#### [Your assignment]
Extract all lines from the data beneath that include the word "text".

#### [Data shown]
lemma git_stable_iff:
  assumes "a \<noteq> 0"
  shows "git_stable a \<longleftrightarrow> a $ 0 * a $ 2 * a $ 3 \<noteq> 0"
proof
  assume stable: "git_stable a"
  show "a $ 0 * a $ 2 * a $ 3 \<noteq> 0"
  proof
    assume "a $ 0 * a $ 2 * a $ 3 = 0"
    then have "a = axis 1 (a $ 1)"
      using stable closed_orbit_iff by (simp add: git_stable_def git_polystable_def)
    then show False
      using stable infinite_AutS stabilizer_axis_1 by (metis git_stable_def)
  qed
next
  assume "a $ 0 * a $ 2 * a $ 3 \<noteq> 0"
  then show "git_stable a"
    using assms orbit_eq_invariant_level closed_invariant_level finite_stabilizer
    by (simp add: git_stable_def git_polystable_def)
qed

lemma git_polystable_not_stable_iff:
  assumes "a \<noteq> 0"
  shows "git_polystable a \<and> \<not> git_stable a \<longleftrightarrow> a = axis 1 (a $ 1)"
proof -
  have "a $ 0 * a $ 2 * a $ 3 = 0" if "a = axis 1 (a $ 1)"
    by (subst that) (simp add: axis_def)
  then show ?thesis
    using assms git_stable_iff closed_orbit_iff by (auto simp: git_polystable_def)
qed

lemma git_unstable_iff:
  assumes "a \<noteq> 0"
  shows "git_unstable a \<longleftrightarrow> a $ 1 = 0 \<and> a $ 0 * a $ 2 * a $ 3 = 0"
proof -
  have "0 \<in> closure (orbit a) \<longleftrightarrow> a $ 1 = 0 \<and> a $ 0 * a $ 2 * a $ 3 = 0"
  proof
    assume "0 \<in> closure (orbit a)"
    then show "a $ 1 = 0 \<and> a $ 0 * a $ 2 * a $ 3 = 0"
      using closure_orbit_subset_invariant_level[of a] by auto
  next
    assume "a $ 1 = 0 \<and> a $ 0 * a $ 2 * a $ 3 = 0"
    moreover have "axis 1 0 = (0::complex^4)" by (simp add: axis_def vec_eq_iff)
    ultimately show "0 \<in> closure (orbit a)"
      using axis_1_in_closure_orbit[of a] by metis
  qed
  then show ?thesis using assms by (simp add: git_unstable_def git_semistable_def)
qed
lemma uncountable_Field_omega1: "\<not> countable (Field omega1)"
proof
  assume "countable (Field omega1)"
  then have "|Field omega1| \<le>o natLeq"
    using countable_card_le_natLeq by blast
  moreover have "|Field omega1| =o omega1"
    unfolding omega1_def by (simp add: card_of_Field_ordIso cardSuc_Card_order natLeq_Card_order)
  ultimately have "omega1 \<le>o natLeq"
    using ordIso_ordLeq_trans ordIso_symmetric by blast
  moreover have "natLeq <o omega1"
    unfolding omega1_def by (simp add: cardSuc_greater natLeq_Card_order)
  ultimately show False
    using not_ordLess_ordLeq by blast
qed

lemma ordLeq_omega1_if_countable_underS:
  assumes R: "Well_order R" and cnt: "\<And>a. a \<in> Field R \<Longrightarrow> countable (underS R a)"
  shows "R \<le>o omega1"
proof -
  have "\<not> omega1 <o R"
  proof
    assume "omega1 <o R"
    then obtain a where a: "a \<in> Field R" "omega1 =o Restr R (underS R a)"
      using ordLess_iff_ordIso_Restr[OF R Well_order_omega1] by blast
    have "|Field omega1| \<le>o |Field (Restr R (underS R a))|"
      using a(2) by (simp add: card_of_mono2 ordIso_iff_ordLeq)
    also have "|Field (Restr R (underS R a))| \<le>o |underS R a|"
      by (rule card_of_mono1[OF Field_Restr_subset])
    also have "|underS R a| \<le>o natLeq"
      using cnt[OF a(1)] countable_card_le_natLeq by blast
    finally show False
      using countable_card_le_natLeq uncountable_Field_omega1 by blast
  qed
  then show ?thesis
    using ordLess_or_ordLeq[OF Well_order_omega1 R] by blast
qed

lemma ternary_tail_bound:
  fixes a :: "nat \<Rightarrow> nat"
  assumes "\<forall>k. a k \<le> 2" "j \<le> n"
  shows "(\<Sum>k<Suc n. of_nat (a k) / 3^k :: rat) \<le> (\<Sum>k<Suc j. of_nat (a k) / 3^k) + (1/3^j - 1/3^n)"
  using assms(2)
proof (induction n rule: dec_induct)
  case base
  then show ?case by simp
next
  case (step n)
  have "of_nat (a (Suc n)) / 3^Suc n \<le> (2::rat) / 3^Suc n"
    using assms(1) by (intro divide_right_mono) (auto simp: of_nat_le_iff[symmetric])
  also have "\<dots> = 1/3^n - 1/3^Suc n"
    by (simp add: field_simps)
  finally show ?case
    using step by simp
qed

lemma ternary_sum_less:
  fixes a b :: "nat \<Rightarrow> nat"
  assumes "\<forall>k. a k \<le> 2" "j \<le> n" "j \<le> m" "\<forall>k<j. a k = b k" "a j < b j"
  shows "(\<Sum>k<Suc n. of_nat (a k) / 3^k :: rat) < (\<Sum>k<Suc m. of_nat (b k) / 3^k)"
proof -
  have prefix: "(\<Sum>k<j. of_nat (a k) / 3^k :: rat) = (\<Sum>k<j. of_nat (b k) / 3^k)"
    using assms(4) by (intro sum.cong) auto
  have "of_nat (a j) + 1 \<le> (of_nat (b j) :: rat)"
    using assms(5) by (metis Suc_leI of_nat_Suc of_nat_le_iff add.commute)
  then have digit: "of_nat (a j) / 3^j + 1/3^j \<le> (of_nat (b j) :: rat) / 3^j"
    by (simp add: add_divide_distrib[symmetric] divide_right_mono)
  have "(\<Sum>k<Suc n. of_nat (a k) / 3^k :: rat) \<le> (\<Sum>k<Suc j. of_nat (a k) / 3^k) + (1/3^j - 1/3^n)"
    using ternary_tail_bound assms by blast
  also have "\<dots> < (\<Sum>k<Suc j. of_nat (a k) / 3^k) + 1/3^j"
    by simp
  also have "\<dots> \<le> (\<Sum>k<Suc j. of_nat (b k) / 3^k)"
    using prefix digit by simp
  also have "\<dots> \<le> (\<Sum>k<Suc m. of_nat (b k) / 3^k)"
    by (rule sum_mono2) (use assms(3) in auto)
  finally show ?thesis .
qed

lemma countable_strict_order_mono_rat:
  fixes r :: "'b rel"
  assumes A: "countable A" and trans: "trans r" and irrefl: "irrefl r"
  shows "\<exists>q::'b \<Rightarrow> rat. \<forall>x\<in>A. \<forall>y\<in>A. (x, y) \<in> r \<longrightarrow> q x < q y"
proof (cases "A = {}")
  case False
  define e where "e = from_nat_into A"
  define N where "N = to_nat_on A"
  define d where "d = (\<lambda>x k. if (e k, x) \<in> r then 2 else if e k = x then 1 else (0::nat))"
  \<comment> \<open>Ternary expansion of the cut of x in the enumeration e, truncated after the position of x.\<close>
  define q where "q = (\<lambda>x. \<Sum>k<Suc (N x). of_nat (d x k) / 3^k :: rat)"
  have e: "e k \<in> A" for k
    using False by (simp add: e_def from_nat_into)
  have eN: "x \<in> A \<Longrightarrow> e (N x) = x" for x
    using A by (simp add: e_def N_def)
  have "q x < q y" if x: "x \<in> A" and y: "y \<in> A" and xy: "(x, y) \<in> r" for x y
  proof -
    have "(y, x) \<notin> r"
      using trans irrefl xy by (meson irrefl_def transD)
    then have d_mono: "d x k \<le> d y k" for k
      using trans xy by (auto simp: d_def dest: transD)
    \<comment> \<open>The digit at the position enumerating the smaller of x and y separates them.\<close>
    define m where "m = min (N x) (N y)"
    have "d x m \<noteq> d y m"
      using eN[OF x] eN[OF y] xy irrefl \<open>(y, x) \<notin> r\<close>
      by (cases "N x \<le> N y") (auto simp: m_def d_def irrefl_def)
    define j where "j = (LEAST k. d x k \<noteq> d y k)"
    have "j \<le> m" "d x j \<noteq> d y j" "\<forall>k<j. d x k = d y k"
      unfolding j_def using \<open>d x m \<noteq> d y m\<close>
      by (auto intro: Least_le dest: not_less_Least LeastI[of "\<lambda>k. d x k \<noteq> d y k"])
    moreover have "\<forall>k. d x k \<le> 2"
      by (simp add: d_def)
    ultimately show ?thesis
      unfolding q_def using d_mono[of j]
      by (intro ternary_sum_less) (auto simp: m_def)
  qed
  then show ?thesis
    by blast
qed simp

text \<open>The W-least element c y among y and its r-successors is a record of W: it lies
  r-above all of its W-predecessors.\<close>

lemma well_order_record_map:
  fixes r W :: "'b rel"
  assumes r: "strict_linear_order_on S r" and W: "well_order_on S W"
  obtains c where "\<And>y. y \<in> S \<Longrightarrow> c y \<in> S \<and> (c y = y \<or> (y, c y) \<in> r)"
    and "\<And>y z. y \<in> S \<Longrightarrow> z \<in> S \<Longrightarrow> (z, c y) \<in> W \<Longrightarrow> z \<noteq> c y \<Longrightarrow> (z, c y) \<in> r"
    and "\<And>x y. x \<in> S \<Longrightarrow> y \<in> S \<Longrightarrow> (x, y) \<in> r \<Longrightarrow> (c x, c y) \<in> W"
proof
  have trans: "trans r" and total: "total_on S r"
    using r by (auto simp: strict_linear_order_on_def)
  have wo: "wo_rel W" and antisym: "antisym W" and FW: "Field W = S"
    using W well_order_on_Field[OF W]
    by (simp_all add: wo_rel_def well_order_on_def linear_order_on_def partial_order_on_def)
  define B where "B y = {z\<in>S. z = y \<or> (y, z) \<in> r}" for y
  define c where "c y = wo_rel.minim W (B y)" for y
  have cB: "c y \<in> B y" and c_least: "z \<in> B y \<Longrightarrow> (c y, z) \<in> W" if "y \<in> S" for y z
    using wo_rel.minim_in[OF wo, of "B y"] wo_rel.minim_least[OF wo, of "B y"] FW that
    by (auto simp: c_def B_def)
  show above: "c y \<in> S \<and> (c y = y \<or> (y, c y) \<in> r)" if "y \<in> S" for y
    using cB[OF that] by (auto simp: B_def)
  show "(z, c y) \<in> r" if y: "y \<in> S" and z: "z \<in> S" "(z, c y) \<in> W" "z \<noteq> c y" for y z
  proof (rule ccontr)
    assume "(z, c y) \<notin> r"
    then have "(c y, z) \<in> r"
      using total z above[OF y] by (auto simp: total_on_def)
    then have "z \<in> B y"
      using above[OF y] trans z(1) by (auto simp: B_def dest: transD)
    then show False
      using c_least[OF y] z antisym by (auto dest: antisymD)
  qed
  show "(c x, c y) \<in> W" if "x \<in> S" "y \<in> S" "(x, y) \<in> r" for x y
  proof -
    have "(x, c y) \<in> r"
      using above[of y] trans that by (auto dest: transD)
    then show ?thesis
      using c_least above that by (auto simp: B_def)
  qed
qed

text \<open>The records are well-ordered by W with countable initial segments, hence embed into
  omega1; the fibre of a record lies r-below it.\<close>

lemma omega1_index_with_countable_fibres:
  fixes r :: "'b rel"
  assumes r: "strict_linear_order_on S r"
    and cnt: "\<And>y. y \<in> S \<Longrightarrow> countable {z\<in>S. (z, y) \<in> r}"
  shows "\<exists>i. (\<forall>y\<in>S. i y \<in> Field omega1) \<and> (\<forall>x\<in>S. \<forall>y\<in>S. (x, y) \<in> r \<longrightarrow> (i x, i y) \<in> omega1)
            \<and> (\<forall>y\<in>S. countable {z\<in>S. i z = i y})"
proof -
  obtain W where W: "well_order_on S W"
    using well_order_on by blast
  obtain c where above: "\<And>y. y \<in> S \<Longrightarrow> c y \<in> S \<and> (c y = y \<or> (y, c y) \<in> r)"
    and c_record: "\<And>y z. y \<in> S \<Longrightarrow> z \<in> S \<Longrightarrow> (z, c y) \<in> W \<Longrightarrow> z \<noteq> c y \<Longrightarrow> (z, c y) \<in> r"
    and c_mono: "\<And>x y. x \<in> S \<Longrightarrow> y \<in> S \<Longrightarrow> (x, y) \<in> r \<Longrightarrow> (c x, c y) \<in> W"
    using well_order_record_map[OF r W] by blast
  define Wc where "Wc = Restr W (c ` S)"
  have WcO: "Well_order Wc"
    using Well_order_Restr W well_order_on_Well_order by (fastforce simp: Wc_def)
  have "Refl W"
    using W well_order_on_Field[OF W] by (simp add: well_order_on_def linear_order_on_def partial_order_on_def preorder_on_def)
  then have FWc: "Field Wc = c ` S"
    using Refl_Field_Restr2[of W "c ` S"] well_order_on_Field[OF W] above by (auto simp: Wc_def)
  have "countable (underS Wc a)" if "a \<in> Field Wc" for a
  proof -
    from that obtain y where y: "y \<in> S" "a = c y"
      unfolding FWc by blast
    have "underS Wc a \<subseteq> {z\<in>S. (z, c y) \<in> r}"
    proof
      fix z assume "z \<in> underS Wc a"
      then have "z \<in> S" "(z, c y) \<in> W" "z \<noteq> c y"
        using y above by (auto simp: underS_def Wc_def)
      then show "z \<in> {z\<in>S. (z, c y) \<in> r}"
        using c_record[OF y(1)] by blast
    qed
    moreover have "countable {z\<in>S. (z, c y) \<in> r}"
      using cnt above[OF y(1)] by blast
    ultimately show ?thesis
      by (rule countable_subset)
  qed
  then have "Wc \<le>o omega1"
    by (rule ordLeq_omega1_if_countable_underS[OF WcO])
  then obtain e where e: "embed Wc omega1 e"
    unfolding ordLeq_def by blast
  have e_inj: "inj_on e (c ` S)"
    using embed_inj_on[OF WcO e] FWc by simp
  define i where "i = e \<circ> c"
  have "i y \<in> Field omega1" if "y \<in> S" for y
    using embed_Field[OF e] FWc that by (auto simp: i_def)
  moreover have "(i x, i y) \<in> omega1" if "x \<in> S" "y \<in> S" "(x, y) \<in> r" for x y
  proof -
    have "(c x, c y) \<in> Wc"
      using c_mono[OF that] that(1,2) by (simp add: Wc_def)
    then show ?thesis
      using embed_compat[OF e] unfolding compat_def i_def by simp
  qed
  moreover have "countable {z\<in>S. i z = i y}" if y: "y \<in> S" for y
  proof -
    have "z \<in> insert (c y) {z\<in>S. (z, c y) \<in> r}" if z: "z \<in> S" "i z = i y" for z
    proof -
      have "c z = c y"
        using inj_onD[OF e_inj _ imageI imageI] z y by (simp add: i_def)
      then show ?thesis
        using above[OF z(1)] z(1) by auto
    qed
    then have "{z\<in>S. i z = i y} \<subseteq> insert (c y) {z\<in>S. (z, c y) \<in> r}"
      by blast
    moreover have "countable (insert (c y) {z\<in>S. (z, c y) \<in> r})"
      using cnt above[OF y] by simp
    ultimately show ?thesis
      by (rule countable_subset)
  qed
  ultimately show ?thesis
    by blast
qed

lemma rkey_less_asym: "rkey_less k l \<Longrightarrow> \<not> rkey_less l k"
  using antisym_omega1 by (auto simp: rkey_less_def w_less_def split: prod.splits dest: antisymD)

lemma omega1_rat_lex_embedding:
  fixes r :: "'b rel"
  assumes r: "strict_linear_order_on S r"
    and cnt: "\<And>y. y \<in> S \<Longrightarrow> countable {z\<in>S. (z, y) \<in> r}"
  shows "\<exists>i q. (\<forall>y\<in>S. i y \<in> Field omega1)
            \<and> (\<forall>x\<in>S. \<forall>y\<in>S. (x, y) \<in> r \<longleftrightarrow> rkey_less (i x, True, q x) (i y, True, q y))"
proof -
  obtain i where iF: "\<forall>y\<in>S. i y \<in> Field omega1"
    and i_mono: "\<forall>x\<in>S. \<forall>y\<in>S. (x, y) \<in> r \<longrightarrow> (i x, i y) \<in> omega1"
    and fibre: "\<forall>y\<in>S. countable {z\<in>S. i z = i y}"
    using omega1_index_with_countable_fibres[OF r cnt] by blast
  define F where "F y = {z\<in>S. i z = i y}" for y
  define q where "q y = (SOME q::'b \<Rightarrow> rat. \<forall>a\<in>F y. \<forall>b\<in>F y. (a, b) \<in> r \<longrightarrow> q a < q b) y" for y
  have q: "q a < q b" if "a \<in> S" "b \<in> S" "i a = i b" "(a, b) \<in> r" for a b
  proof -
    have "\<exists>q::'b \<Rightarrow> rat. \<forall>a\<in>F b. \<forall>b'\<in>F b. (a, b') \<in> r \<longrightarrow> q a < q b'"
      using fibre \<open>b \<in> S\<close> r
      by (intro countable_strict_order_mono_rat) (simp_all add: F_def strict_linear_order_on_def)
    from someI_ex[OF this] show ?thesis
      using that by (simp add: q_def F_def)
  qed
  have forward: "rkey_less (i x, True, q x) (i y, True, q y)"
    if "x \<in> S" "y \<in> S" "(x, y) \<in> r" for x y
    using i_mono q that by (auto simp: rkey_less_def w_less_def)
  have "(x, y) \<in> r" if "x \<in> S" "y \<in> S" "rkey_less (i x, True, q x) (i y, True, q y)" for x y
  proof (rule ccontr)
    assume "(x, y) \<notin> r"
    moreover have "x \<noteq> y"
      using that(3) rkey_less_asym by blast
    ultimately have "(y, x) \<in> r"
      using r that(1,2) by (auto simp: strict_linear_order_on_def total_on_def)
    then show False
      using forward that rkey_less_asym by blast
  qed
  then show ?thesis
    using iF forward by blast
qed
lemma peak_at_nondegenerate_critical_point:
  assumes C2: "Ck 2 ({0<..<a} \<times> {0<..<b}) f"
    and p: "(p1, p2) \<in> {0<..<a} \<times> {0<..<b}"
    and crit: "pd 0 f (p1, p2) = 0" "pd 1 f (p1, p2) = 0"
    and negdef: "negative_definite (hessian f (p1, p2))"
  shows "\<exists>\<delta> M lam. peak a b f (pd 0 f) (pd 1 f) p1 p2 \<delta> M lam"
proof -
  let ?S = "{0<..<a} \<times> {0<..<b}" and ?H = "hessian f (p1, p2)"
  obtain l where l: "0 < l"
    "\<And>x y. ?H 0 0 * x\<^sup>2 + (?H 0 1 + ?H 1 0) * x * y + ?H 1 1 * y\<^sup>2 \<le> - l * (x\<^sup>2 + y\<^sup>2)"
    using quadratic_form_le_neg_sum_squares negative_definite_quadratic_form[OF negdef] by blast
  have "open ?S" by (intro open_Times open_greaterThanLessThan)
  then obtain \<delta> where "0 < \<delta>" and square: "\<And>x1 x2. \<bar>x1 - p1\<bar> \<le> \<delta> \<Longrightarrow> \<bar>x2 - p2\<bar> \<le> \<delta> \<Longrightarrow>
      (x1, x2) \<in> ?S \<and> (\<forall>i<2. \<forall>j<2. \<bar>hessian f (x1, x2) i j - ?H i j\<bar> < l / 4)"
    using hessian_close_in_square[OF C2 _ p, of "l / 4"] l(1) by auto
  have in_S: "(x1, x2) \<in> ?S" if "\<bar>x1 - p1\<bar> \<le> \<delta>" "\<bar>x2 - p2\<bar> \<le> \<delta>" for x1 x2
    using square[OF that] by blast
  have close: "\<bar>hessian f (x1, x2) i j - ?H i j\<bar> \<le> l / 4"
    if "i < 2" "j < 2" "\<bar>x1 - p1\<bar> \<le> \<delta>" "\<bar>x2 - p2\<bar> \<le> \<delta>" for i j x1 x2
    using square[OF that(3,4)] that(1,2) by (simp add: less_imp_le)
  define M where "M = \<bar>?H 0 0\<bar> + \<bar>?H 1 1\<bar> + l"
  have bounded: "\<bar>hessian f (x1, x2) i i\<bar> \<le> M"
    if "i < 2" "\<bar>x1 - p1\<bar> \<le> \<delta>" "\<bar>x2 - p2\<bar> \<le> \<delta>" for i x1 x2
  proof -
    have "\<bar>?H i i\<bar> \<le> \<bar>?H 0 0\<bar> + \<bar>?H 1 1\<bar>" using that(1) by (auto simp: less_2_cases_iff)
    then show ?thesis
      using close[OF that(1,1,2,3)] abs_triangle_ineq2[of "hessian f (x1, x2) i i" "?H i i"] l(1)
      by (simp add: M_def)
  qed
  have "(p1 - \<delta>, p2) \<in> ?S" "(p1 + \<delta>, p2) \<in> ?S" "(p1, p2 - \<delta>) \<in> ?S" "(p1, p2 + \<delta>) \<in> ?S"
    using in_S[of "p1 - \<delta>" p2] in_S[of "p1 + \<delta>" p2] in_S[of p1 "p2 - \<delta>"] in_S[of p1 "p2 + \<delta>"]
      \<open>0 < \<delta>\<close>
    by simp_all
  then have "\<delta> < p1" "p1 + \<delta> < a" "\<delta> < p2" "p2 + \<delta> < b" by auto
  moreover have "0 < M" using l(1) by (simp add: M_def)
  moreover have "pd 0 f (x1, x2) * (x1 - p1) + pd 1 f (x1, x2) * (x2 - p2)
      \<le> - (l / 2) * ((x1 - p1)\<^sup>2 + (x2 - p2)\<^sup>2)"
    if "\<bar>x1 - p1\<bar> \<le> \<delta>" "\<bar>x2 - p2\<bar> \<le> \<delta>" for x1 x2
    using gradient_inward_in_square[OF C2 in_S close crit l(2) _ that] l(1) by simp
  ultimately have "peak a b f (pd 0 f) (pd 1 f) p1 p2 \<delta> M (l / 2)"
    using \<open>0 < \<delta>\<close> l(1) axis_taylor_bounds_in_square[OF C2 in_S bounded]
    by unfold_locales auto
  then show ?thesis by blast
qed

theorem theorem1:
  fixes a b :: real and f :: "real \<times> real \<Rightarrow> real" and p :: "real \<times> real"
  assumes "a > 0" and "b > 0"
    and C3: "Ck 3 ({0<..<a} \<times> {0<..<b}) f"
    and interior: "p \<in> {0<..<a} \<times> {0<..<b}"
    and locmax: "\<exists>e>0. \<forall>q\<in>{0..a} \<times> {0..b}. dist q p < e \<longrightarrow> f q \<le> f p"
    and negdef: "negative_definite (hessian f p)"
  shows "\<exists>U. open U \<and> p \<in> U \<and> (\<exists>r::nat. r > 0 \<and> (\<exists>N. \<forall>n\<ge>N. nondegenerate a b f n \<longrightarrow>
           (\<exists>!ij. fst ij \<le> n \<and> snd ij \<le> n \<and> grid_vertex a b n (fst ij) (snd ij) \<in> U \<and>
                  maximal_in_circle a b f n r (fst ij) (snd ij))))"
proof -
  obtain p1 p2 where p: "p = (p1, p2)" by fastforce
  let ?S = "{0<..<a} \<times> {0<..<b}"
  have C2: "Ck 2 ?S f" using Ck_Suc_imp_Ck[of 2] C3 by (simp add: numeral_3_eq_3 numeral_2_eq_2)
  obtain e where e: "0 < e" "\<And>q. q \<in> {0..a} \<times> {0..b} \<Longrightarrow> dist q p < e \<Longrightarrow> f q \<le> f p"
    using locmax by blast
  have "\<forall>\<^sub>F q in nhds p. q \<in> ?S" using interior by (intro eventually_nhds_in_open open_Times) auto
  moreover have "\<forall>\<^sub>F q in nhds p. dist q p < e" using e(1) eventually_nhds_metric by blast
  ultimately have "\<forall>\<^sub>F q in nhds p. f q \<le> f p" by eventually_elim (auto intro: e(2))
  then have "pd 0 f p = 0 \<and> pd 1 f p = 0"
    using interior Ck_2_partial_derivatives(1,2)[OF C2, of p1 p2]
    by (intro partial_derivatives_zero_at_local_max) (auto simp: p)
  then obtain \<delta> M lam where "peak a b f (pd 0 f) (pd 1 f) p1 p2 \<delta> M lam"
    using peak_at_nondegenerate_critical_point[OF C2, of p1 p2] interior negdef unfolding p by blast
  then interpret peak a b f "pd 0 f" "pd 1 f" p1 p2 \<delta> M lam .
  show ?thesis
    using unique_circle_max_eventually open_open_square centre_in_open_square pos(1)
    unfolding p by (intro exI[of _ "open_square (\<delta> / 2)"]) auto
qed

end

#### [Final answer]
text \<open>The W-least element c y among y and its r-successors is a record of W: it lies
text \<open>The records are well-ordered by W with countable initial segments, hence embed into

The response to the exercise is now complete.